I never really paid attention to prices until I moved to Norway. I do now. Unfortunately in many situations one is offered little choice bar abstinence. This is a result of inefficient supply chains, subsidies and protection, lack of competition, and or tax. For example:

  • My litre of milk at the shop - $3 – Subsidies and protection
  • My bottle of beer at the pub - $8 - Tax
  • My takeaway pizza - $30 - Inefficient supply chain
  • My monthly cable sports subscription - $70 - No competition
  • My Volkswagen Passat - $80,000 - Total fucking economic incompetence.

A look at the average annual gross income offers a few insights:

  • 1st - Moscow - $12,000
  • 2nd - Tokyo - $45,000
  • 3rd - London - $60,000
  • 4th - Oslo - $75,000
  • 22nd - New York - $45,000
  • 65th - Vancouver - $47,000.

However, these numbers are distorted by tax and the currency exchange. When adjusted to Purchase Power Parity (PPP), the real purchasing power of the average consumer, most cities come in around the $30,000 level, except Moscow.

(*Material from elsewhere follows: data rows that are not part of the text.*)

definition staircase :: "'a set \<Rightarrow> ('a \<Rightarrow> 'a \<Rightarrow> bool) \<Rightarrow> nat \<Rightarrow> nat \<Rightarrow> nat \<Rightarrow> bool" where
  "staircase V E r t a0 \<longleftrightarrow> simple_graph V E \<and> 2 \<le> r \<and> 2 \<le> t \<and> 0 < a0 \<and>
    (\<exists>vinf L. let s = (t - 1) div 2 in
       V = insert vinf (\<Union>i\<le>s. L i) \<and> vinf \<notin> (\<Union>i\<le>s. L i) \<and>
       (\<forall>i\<le>s. \<forall>j\<le>s. i \<noteq> j \<longrightarrow> L i \<inter> L j = {}) \<and>
       card (L 0) = a0 \<and>
       (\<forall>y. E vinf y \<longleftrightarrow> y \<in> L 0) \<and>
       (\<forall>i. stair_step t i \<longrightarrow>
          (\<forall>x\<in>L i. card {y \<in> L (Suc i). E x y} = r) \<and>
          (\<forall>y\<in>L (Suc i). card {x \<in> L i. E y x} = 1)) \<and>
       (even t \<longrightarrow> (\<forall>x\<in>L s. card {y \<in> L s. E x y} = r)) \<and>
       (odd t \<longrightarrow> (\<forall>x\<in>L (s - 1). card {y \<in> L s. E x y} = r) \<and>
                   (\<forall>y\<in>L s. card {x \<in> L (s - 1). E y x} = r + 1)) \<and>
       (\<forall>x y. E x y \<longrightarrow>
          (x = vinf \<and> y \<in> L 0) \<or> (y = vinf \<and> x \<in> L 0) \<or>
          (\<exists>i. stair_step t i \<and> ((x \<in> L i \<and> y \<in> L (Suc i)) \<or> (y \<in> L i \<and> x \<in> L (Suc i)))) \<or>
          (even t \<and> x \<in> L s \<and> y \<in> L s) \<or>
          (odd t \<and> ((x \<in> L (s - 1) \<and> y \<in> L s) \<or> (y \<in> L (s - 1) \<and> x \<in> L s)))))"

definition is_cycle :: "'a set \<Rightarrow> ('a \<Rightarrow> 'a \<Rightarrow> bool) \<Rightarrow> 'a list \<Rightarrow> bool" where
  "is_cycle V E xs \<longleftrightarrow> 3 \<le> length xs \<and> distinct xs \<and> set xs \<subseteq> V \<and>
     (\<forall>i < length xs. E (xs ! i) (xs ! ((i + 1) mod length xs)))"

definition girth :: "'a set \<Rightarrow> ('a \<Rightarrow> 'a \<Rightarrow> bool) \<Rightarrow> enat" where
  "girth V E = (INF xs \<in> {xs. is_cycle V E xs}. enat (length xs))"

end

theory Submission
  imports Defs
begin

text \<open>The layers V_0, ..., V_m below the top of the staircase form a forest rooted in V_0, since
  every vertex of V_(i+1) has exactly one neighbour in V_i.  If two distinct vertices of V_m had the
  same root, the two paths down to it would give a path between them of length at most 2m through
  the lower layers; closing it by a direct edge or through a common neighbour outside the lower
  layers yields a cycle of length at most 2m+2 <= t, contradicting the girth.  So r+1 vertices of
  V_m that pairwise are adjacent or share such a neighbour have distinct roots, and a0 >= r+1.  For
  even t they are a vertex of V_s together with its r neighbours in V_s; for odd t they are the r+1
  neighbours in V_(s-1) of a vertex of V_s.\<close>

lemma is_cycleI:
  assumes "successively E C" "distinct C" "3 \<le> length C" "set C \<subseteq> V" "E (last C) (hd C)"
  shows "is_cycle V E C"
  unfolding is_cycle_def
proof (intro conjI allI impI)
  fix i assume i: "i < length C"
  show "E (C ! i) (C ! ((i + 1) mod length C))"
  proof (cases "Suc i < length C")
    case True
    then show ?thesis using successively_nth[OF assms(1)] by simp
  next
    case False
    with i have "i = length C - 1" "C \<noteq> []" by auto
    then show ?thesis using assms(5) by (simp add: last_conv_nth hd_conv_nth)
  qed
qed (use assms in auto)

lemma girth_le_length: "is_cycle V E C \<Longrightarrow> girth V E \<le> enat (length C)"
  unfolding girth_def by (rule INF_lower) simp

locale rooted_layers =
  fixes L :: "nat \<Rightarrow> 'a set" and E :: "'a \<Rightarrow> 'a \<Rightarrow> bool" and m :: nat
  assumes unique_parent: "\<And>i y. i < m \<Longrightarrow> y \<in> L (Suc i) \<Longrightarrow> card {x \<in> L i. E y x} = 1"
    and layers_disjoint: "\<And>i j. i \<le> m \<Longrightarrow> j \<le> m \<Longrightarrow> i \<noteq> j \<Longrightarrow> L i \<inter> L j = {}"
    and sym: "\<And>x y. E x y \<Longrightarrow> E y x"
    and irrefl: "\<And>x. \<not> E x x"
begin

definition parent :: "nat \<Rightarrow> 'a \<Rightarrow> 'a" where
  "parent i y = (THE x. x \<in> L i \<and> E y x)"

fun root_of :: "nat \<Rightarrow> 'a \<Rightarrow> 'a" where
  "root_of 0 y = y"
| "root_of (Suc i) y = root_of i (parent i y)"

lemma parent_in_L_adj:
  assumes "i < m" "y \<in> L (Suc i)"
  shows "parent i y \<in> L i" "E y (parent i y)"
proof -
  obtain x where x: "{x \<in> L i. E y x} = {x}"
    using unique_parent[OF assms] card_1_singletonE by blast
  then have "parent i y = x"
    unfolding parent_def by (intro the_equality) auto
  with x show "parent i y \<in> L i" "E y (parent i y)" by auto
qed

lemma root_in_L0: "j \<le> m \<Longrightarrow> y \<in> L j \<Longrightarrow> root_of j y \<in> L 0"
  by (induction j arbitrary: y) (simp_all add: parent_in_L_adj)

lemma not_in_lower_layers:
  assumes "j \<le> m" "x \<in> L j"
  shows "x \<notin> (\<Union>i<j. L i)"
proof
  assume "x \<in> (\<Union>i<j. L i)"
  then obtain i where "i < j" "x \<in> L i" by blast
  with assms layers_disjoint[of i j] show False by auto
qed
lemma sum_root_unity:
  assumes p: "p > 0"
  shows "(\<Sum>s<p. root_unity p (int s * d)) = (if int p dvd d then of_nat p else 0)"
proof -
  let ?z = "root_unity p d"
  have power: "root_unity p (int s * d) = ?z ^ s" for s
  proof -
    have "?z ^ s = cis (real s * (2 * pi * of_int d / real p))"
      unfolding root_unity_def by (rule Complex.DeMoivre)
    also have "real s * (2 * pi * of_int d / real p) = 2 * pi * of_int (int s * d) / real p"
      by (simp add: divide_inverse mult_ac)
    finally show ?thesis
      unfolding root_unity_def by simp
  qed
  show ?thesis
  proof (cases "int p dvd d")
    case True
    then have "?z = 1"
      using root_unity_mult_self[OF p] by auto
    then show ?thesis
      using True by (simp add: power)
  next
    case False
    have "?z \<noteq> 1"
    proof
      assume "?z = 1"
      then have "cos (2 * pi * of_int d / real p) = 1"
        unfolding root_unity_def by (metis cis.sel(1) one_complex.sel(1))
      then obtain n :: int where "2 * pi * of_int d / real p = of_int n * 2 * pi"
        using cos_one_2pi_int by blast
      then have "of_int d = real p * of_int n"
        using p by (simp add: field_simps)
      then have "d = int p * n"
        by (metis of_int_eq_iff of_int_mult of_int_of_nat_eq)
      then show False
        using False by simp
    qed
    moreover have "?z ^ p = 1"
      using power[of p] root_unity_mult_self[OF p, of d] by simp
    ultimately show ?thesis
      using False by (simp add: power geometric_sum)
  qed
qed

lemma character_eq_root_unity:
  assumes "finite {n. k n \<noteq> 0}"
  shows "character p k a = root_unity p (int (\<Sum>n\<in>{n. k n \<noteq> 0}. k n * a n))"
proof -
  have "root_unity p (int (\<Sum>n\<in>{n. k n \<noteq> 0}. k n * a n))
      = (\<Prod>n\<in>{n. k n \<noteq> 0}. root_unity p (int (k n * a n)))"
    unfolding of_nat_sum by (rule root_unity_sum[OF assms])
  then show ?thesis
    unfolding character_def root_unity_def by (simp only: of_int_of_nat_eq)
qed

To be fair, Moscow has 87 billionaires. They are mostly ex-politicians, ex-KGB, and criminals and contribute greatly to the high cost of living. I doubt they are included in the official statistics as most are tax exiles. Who says there is no money in Communism, it’s just a matter of being at the right place at the right time.

In Norway, the cost of goods is generally twice as much as those in many western countries. Labour costs are also twice as much and you would expect this is the case so that people can afford the cost of goods. You would be wrong.

It is a tax generating system to keep the unemployment rate low. The slack is taken up by employing government spreadsheet jockeys to devise and calculate complex tax systems. Go figure.

I now have a great empathy for struggling families trying to make ends meet. Just speaking to people at the golf club and the yacht club in Oslo about their economic challenges has given me a great insight to how the other half live.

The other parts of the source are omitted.